The Ambient Light Sensor has a default sensor, which is the device’s main light detector.
The Ambient Light Sensor’s reporting mode is implementation specific.
The Ambient Light Sensor has an associated PermissionName
which is "ambient-light-sensor".
The current light level or illuminance is a value that represents the ambient light levels around the hosting device. Its unit is the lux (lx) [SI].
Note: The precise lux value reported by different devices in the same light can be different, due to differences in detection method, sensor construction, etc.
5. API
5.1. The AmbientLightSensor Interface
[Constructor(optional SensorOptions sensorOptions)] interface AmbientLightSensor : Sensor { readonly attribute unrestricted double? illuminance; };
To Construct an AmbientLightSensor Object the user agent must invoke the construct a Sensor object abstract operation.
5.1.1. The illuminance attribute
The illuminance attribute of the AmbientLightSensor
interface represents the current light level.
6. Use Cases and Requirements
-
A Web application gradually updates document style based on light level changes.
-
A Web application provides input for a smart home system to control lighting.
-
A Web aplication checks whether light level at work space is sufficient, based on occupational health regulations.
-
A Web application monitors light level changes produced by hovering hand user gesture and interprets them to control a game character.
-
A Web application calculates settings for a camera with manual controls (apperture, shutter speed, ISO).

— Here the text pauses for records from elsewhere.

(* For $\alpha\in\mathbb{K}^\times$ let $A_{3,\alpha}$ be the evolution algebra over the field $\mathbb{K}$ with natural basis $\{e_1,e_2\}$ such that $e_1^2=e_1$ and $e_2^2=\alpha e_1+e_2$. For $\alpha,\alpha'\in\mathbb{K}^\times$, $A_{3,\alpha}$ is isomorphic to $A_{3,\alpha'}$ as a $\mathbb{K}$-algebra if and only if $\alpha=\alpha'$.
   Context: An evolution algebra over $\mathbb{K}$ is a $\mathbb{K}$-algebra with a basis $\{e_i\}$ (natural basis) such that $e_ie_j=0$ for $i\neq j$. *)

theory Defs
  imports Main
begin

text \<open>A 2-dimensional algebra over a field is modelled on the coordinate space
  'k \<times> 'k, the pair (x1, x2) standing for x1 e1 + x2 e2 in the natural basis.\<close>

definition vadd :: "'k::field \<times> 'k \<Rightarrow> 'k \<times> 'k \<Rightarrow> 'k \<times> 'k" where
  "vadd x y = (fst x + fst y, snd x + snd y)"

definition vscale :: "'k::field \<Rightarrow> 'k \<times> 'k \<Rightarrow> 'k \<times> 'k" where
  "vscale c x = (c * fst x, c * snd x)"

definition e1 :: "'k::field \<times> 'k" where "e1 = (1, 0)"
definition e2 :: "'k::field \<times> 'k" where "e2 = (0, 1)"

text \<open>Evolution algebra with natural basis {e1, e2} and structure constants
  e1^2 = a11 e1 + a12 e2, e2^2 = a21 e1 + a22 e2, e1 e2 = e2 e1 = 0,
  extended bilinearly.\<close>
definition evo2_mult :: "'k::field \<Rightarrow> 'k \<Rightarrow> 'k \<Rightarrow> 'k \<Rightarrow> 'k \<times> 'k \<Rightarrow> 'k \<times> 'k \<Rightarrow> 'k \<times> 'k" where
  "evo2_mult a11 a12 a21 a22 x y =
     (fst x * fst y * a11 + snd x * snd y * a21, fst x * fst y * a12 + snd x * snd y * a22)"

definition A3_mult :: "'k::field \<Rightarrow> 'k \<times> 'k \<Rightarrow> 'k \<times> 'k \<Rightarrow> 'k \<times> 'k" where
  "A3_mult \<alpha> = evo2_mult 1 0 \<alpha> 1"

definition alg_iso :: "('k::field \<times> 'k \<Rightarrow> 'k \<times> 'k \<Rightarrow> 'k \<times> 'k) \<Rightarrow> ('k \<times> 'k \<Rightarrow> 'k \<times> 'k \<Rightarrow> 'k \<times> 'k)
    \<Rightarrow> ('k \<times> 'k \<Rightarrow> 'k \<times> 'k) \<Rightarrow> bool" where
  "alg_iso M M' f \<longleftrightarrow> bij f
     \<and> (\<forall>x y. f (vadd x y) = vadd (f x) (f y))
     \<and> (\<forall>c x. f (vscale c x) = vscale c (f x))
     \<and> (\<forall>x y. f (M x y) = M' (f x) (f y))"

lemma A3_basis: "A3_mult \<alpha> e1 e1 = e1" "A3_mult \<alpha> e2 e2 = vadd (vscale \<alpha> e1) e2"
  "A3_mult \<alpha> e1 e2 = (0,0)" "A3_mult \<alpha> e2 e1 = (0,0)"
  by (simp_all add: A3_mult_def evo2_mult_def e1_def e2_def vadd_def vscale_def)

end

theory Submission
  imports Defs
begin

text \<open>An isomorphism f must send the idempotent e1 to an idempotent (a, b) and e2 to some
  (c, d) with e1 e2 = 0 preserved. Comparing coordinates gives b = 0 (otherwise b = 1, d = 0
  and d^2 = \<alpha> b + d forces \<alpha> = 0), then d = 1 by surjectivity, a = 1 by injectivity and
  finally c = 0: f is the identity, and applying it to e2^2 = \<alpha> e1 + e2 yields \<alpha> = \<alpha>'.\<close>

lemma A3_mult_Pair: "A3_mult \<alpha> (a, b) (c, d) = (a * c + \<alpha> * (b * d), b * d)"
  by (simp add: A3_mult_def evo2_mult_def algebra_simps)

lemma linear_Pair_eq:
  assumes add: "\<And>x y. f (vadd x y) = vadd (f x) (f y)"
    and scale: "\<And>c x. f (vscale c x) = vscale c (f x)"
  shows "f (x1, x2) = vadd (vscale x1 (f e1)) (vscale x2 (f e2))"
proof -
  have "(x1, x2) = vadd (vscale x1 e1) (vscale x2 e2)"
    by (simp add: vadd_def vscale_def e1_def e2_def)
  then show ?thesis
    by (simp add: add scale)
qed

lemma alg_iso_A3_equations:
  assumes "alg_iso (A3_mult \<alpha>) (A3_mult \<alpha>') f" and "f e1 = (a, b)" and "f e2 = (c, d)"
  shows "f (x1, x2) = (x1 * a + x2 * c, x1 * b + x2 * d)"
    and "a * c + \<alpha>' * (b * d) = 0" "b * d = 0"
    and "a * a + \<alpha>' * (b * b) = a" "b * b = b"
    and "c * c + \<alpha>' * (d * d) = \<alpha> * a + c" "d * d = \<alpha> * b + d"
proof -
  have mult: "\<And>x y. f (A3_mult \<alpha> x y) = A3_mult \<alpha>' (f x) (f y)"
    using assms(1) unfolding alg_iso_def by blast
  show lin: "f (x1, x2) = (x1 * a + x2 * c, x1 * b + x2 * d)" for x1 x2
    using assms linear_Pair_eq[of f x1 x2] unfolding alg_iso_def
    by (simp add: vadd_def vscale_def mult.commute)
  have "f (A3_mult \<alpha> e1 e2) = A3_mult \<alpha>' (f e1) (f e2)"
    by (rule mult)
  then show "a * c + \<alpha>' * (b * d) = 0" "b * d = 0"
    by (simp_all add: A3_basis assms(2,3) lin A3_mult_Pair)
  have "f (A3_mult \<alpha> e1 e1) = A3_mult \<alpha>' (f e1) (f e1)"
    by (rule mult)
  then show "a * a + \<alpha>' * (b * b) = a" "b * b = b"
    by (simp_all add: A3_basis assms(2) A3_mult_Pair)
  have "f (A3_mult \<alpha> e2 e2) = A3_mult \<alpha>' (f e2) (f e2)"
    by (rule mult)
  then show "c * c + \<alpha>' * (d * d) = \<alpha> * a + c" "d * d = \<alpha> * b + d"
    by (simp_all add: A3_basis assms(3) lin A3_mult_Pair vadd_def vscale_def e1_def e2_def)
qed

lemma alg_iso_A3_eq_id:
  assumes iso: "alg_iso (A3_mult \<alpha>) (A3_mult \<alpha>') f" and "\<alpha> \<noteq> 0"
  shows "f = id"
proof -
  obtain a b c d where f1: "f e1 = (a, b)" and f2: "f e2 = (c, d)"
    by fastforce
  note eqs = alg_iso_A3_equations[OF iso f1 f2]
  have bij: "bij f"
    using iso unfolding alg_iso_def by blast
  have b: "b = 0"
  proof (rule ccontr)
    assume "b \<noteq> 0"
    then have "b = 1" and "d = 0"
      using eqs(3,5) by (auto simp: mult_cancel_right2)
    then show False
      using eqs(7) \<open>\<alpha> \<noteq> 0\<close> by simp
  qed
  have d: "d = 1"
  proof (rule ccontr)
    assume "d \<noteq> 1"
    then have "d = 0"
      using eqs(7) b by (auto simp: mult_cancel_right2)
    then have "snd (f x) = 0" for x
      using eqs(1)[of "fst x" "snd x"] b by simp
    moreover obtain x where "f x = (0, 1)"
      using bij by (metis bij_pointE)
    ultimately show False
      by (metis snd_conv zero_neq_one)
  qed
  have a: "a = 1"
  proof (rule ccontr)
    assume "a \<noteq> 1"
    then have "a = 0"
      using eqs(4) b by (auto simp: mult_cancel_right2)
    then have "f e1 = f (0, 0)"
      using f1 b eqs(1) by simp
    then show False
      using bij_is_inj[OF bij] by (auto dest: injD simp: e1_def)
  qed
  have "c = 0"
    using eqs(2) a b by simp
  then show "f = id"
    using eqs(1) a b d by (auto simp: fun_eq_iff)
qed

theorem lemma3p4:
  fixes \<alpha> \<alpha>' :: "'k::field"
  assumes "\<alpha> \<noteq> 0" and "\<alpha>' \<noteq> 0"
  shows "(\<exists>f. alg_iso (A3_mult \<alpha>) (A3_mult \<alpha>') f) \<longleftrightarrow> \<alpha> = \<alpha>'"
proof
  assume "\<exists>f. alg_iso (A3_mult \<alpha>) (A3_mult \<alpha>') f"
  then obtain f where iso: "alg_iso (A3_mult \<alpha>) (A3_mult \<alpha>') f"
    by blast
  then have "f (A3_mult \<alpha> e2 e2) = A3_mult \<alpha>' (f e2) (f e2)"
    unfolding alg_iso_def by blast
  then have "A3_mult \<alpha> e2 e2 = A3_mult \<alpha>' e2 e2"
    using alg_iso_A3_eq_id[OF iso assms(1)] by simp
  then show "\<alpha> = \<alpha>'"
    by (simp add: A3_mult_Pair e2_def)
next
  assume "\<alpha> = \<alpha>'"
  then show "\<exists>f. alg_iso (A3_mult \<alpha>) (A3_mult \<alpha>') f"
    by (intro exI[of _ id]) (simp add: alg_iso_def)
qed

end
lemma dvd_in_adjoin_of_int_power_prime:
  assumes l: "prime l"
  shows "dvd_in_adjoin l z ((of_int c) ^ l - of_int c)"
proof (induct c rule: int_induct[where k = 0])
  case base thus ?case using l by (simp add: zero_power prime_gt_0_nat)
next
  case (step1 i)
  have "dvd_in_adjoin l z ((of_int i + 1) ^ l - of_int i ^ l - 1 ^ l)"
    by (rule dvd_in_adjoin_add_power_prime[OF l]) auto
  from dvd_in_adjoin_add[OF this step1(2)] show ?case by (simp add: algebra_simps)
next
  case (step2 i)
  have "dvd_in_adjoin l z ((of_int (i - 1) + 1) ^ l - of_int (i - 1) ^ l - 1 ^ l)"
    by (rule dvd_in_adjoin_add_power_prime[OF l]) auto
  from dvd_in_adjoin_diff[OF step2(2) this] show ?case by (simp add: algebra_simps)
qed

lemma dvd_in_adjoin_poly_power_prime:
  assumes l: "prime l" and x: "x \<in> int_adjoin z"
  shows "dvd_in_adjoin l z (poly (of_int_poly G) (x ^ l) - (poly (of_int_poly G) x) ^ l)"
proof (induct G)
  case 0 thus ?case using l by (simp add: zero_power prime_gt_0_nat)
next
  case (pCons c G)
  let ?g = "poly (of_int_poly G)"
  have "dvd_in_adjoin l z ((of_int c + x * ?g x) ^ l - of_int c ^ l - (x * ?g x) ^ l)"
    by (rule dvd_in_adjoin_add_power_prime[OF l]) (use x in auto)
  moreover have "dvd_in_adjoin l z (of_int c ^ l - of_int c)"
    by (rule dvd_in_adjoin_of_int_power_prime[OF l])
  moreover have "dvd_in_adjoin l z (x ^ l * (?g (x ^ l) - ?g x ^ l))"
    by (rule dvd_in_adjoin_mult[OF pCons(2)]) (use x in auto)
  ultimately have "dvd_in_adjoin l z (x ^ l * (?g (x ^ l) - ?g x ^ l)
      - ((of_int c + x * ?g x) ^ l - of_int c ^ l - (x * ?g x) ^ l) - (of_int c ^ l - of_int c))"
    by (blast intro: dvd_in_adjoin_diff)
  thus ?case by (simp add: hom_distribs algebra_simps power_mult_distrib)
qed

lemma dvd_in_adjoin_of_nat_imp_dvd:
  assumes "z ^ n = 1" and "n > 0" and "l > 0" and "dvd_in_adjoin l z (of_nat a)"
  shows "l dvd a"
proof -
  obtain r where r: "r \<in> int_adjoin z" "of_nat a = of_nat l * r"
    using assms(4) unfolding dvd_in_adjoin_def by blast
  hence "r = of_nat a / of_nat l" using \<open>l > 0\<close> by simp
  hence "r \<in> \<rat>" by simp
  hence "r \<in> \<int>"
    using rational_algebraic_int_is_int int_adjoin_root_unity_algebraic_int[OF assms(1,2) r(1)] by blast
  then obtain t where "r = of_int t" by (elim Ints_cases)
  hence "int a = int l * t" using r(2) by (metis of_int_eq_iff of_int_mult of_int_of_nat_eq)
  thus "l dvd a" by (metis dvd_triv_left int_dvd_int_iff)
qed

lemma int_poly_annihilator_generator:
  fixes z :: complex and P :: "int poly"
  assumes "P \<noteq> 0" and "poly (of_int_poly P) z = 0"
  obtains f :: "int poly" where "poly (of_int_poly f) z = 0"
    and "\<And>G. poly (of_int_poly G) z = 0 \<Longrightarrow> f dvd G"
proof -
  define ann where "ann G \<longleftrightarrow> G \<noteq> 0 \<and> poly (of_int_poly G) z = 0" for G :: "int poly"
  obtain g where "ann g" and g_min: "\<And>G. ann G \<Longrightarrow> degree g \<le> degree G"
    using ex_has_least_nat[of ann P degree] assms unfolding ann_def by blast
  define f where "f = primitive_part g"
  have "poly (of_int_poly g) z = of_int (content g) * poly (of_int_poly f) z"
    unfolding f_def by (subst content_times_primitive_part[symmetric, of g])
      (simp add: hom_distribs del: content_times_primitive_part)
  hence f_root: "poly (of_int_poly f) z = 0" using \<open>ann g\<close> by (auto simp: ann_def)
  have "f \<noteq> 0" and "content f = 1" and "degree f = degree g"
    using \<open>ann g\<close> by (simp_all add: f_def ann_def)
  have "f dvd G" if G_root: "poly (of_int_poly G) z = 0" for G
  proof -
    obtain s r where sr: "pseudo_divmod G f = (s, r)" by (cases "pseudo_divmod G f")
    define c where "c = lead_coeff f ^ (Suc (degree G) - degree f)"
    have eq: "Polynomial.smult c G = f * s + r" and "r = 0 \<or> degree r < degree f"
      using pseudo_divmod[OF \<open>f \<noteq> 0\<close> sr] by (simp_all add: c_def)
    have "poly (of_int_poly r) z = 0"
      using arg_cong[OF eq, of "\<lambda>h. poly (of_int_poly h) z"] G_root f_root
      by (simp add: hom_distribs)
    have "r = 0"
    proof (rule ccontr)
      assume "r \<noteq> 0"
      with \<open>poly (of_int_poly r) z = 0\<close> have "degree g \<le> degree r"
        by (intro g_min) (simp add: ann_def)
      with \<open>r = 0 \<or> degree r < degree f\<close> \<open>r \<noteq> 0\<close> \<open>degree f = degree g\<close> show False
        by simp
    qed
    hence "fract_poly f dvd Polynomial.smult (to_fract c) (fract_poly G)"
      using eq by (metis add_0_right dvd_triv_left fract_poly_mult fract_poly_smult)
    hence "fract_poly f dvd fract_poly G"
      by (rule dvd_smult_cancel) (simp add: c_def \<open>f \<noteq> 0\<close>)
    thus ?thesis using \<open>content f = 1\<close> by (rule fract_poly_dvdD)
  qed
  with f_root show ?thesis by (rule that)
qed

The mentioned use cases require plain light level data, not a pre-defined set of values.
7. Acknowledgements
Doug Turner for the initial prototype and Marcos Caceres for the test suite.
Paul Bakaus for the LightLevelSensor idea.
Mikhail Pozdnyakov and Alexander Shalamov for the use cases and requirements.
8. Conformance
Conformance requirements are expressed with a combination of descriptive assertions and RFC 2119 terminology. The key words "MUST", "MUST NOT", "REQUIRED", "SHALL", "SHALL NOT", "SHOULD", "SHOULD NOT", "RECOMMENDED", "MAY", and "OPTIONAL" in the normative parts of this document are to be interpreted as described in RFC 2119. However, for readability, these words do not appear in all uppercase letters in this specification.
All of the text of this specification is normative except sections explicitly marked as non-normative, examples, and notes. [RFC2119]
A conformant user agent must implement all the requirements listed in this specification that are applicable to user agents.
The IDL fragments in this specification must be interpreted as required for conforming IDL fragments, as described in the Web IDL specification. [WEBIDL]